--- Exercise materials ---

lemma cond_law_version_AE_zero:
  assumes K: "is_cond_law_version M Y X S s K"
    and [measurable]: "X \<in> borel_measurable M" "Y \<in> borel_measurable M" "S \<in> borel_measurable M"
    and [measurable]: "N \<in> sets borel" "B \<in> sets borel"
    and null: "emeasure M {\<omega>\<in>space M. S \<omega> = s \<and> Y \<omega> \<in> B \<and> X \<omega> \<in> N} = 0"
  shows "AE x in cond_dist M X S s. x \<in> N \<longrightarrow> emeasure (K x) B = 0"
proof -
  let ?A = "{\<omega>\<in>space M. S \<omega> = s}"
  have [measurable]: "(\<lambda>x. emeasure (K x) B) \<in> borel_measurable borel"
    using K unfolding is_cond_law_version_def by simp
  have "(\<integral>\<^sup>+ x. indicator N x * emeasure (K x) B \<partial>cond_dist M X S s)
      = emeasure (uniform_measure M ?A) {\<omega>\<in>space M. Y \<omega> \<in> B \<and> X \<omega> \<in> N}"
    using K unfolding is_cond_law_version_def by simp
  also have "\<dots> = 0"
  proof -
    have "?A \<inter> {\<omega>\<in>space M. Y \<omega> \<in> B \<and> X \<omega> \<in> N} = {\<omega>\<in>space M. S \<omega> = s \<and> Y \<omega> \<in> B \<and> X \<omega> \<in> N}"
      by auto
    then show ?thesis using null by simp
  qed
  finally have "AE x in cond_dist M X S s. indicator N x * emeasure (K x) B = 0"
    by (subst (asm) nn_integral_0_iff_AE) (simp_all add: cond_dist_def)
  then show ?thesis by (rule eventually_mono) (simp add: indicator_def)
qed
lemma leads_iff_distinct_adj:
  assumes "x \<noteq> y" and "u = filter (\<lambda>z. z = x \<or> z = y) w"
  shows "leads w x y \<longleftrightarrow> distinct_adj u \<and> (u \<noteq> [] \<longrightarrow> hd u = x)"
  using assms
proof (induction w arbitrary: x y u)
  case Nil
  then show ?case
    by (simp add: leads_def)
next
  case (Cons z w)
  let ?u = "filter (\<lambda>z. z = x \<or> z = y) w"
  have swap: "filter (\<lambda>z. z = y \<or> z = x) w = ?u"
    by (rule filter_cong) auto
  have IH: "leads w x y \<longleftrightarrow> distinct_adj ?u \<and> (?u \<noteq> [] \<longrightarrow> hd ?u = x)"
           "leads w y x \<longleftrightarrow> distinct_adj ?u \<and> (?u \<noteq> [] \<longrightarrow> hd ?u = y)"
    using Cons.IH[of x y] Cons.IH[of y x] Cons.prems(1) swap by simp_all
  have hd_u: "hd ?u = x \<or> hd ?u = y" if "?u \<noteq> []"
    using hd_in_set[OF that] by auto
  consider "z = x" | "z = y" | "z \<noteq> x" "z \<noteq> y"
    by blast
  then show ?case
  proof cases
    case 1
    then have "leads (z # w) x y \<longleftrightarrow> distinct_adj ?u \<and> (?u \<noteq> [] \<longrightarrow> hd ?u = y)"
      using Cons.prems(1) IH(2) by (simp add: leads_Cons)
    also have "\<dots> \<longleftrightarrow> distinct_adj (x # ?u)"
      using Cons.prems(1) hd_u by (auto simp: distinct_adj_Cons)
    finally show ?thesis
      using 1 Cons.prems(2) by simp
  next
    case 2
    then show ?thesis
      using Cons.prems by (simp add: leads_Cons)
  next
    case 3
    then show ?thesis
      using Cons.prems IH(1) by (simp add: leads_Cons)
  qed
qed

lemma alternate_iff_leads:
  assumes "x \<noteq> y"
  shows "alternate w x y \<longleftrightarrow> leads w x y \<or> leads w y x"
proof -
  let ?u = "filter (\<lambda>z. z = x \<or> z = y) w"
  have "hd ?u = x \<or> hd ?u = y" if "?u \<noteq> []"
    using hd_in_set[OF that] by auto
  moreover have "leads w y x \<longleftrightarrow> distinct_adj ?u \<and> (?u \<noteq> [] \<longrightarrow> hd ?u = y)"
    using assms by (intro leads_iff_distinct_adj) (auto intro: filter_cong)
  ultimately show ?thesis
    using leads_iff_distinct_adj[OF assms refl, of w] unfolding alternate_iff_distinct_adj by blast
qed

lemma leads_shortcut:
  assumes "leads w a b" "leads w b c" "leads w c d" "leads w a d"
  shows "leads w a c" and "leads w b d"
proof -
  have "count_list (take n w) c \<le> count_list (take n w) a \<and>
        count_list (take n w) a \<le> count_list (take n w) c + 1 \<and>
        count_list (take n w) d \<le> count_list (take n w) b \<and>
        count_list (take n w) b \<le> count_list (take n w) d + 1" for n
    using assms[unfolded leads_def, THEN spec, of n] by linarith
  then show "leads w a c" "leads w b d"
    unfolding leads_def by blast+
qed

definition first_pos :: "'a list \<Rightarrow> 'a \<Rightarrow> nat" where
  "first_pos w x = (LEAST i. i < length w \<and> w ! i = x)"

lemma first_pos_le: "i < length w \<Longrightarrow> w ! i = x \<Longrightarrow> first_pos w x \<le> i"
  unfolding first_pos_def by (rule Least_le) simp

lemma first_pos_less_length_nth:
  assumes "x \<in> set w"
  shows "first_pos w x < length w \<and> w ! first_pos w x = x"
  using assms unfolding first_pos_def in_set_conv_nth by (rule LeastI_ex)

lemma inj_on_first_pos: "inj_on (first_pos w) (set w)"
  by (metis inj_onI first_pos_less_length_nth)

---

» Your instructions:
In the entries above, find the line with "proof (induction w arbitrary: x y u)" and the line with "by (rule filter_cong) auto", then restate word for word both of them and every line between, with nothing more.

» Your solution:
proof (induction w arbitrary: x y u)
  case Nil
  then show ?case
    by (simp add: leads_def)
next
  case (Cons z w)
  let ?u = "filter (\<lambda>z. z = x \<or> z = y) w"
  have swap: "filter (\<lambda>z. z = y \<or> z = x) w = ?u"
    by (rule filter_cong) auto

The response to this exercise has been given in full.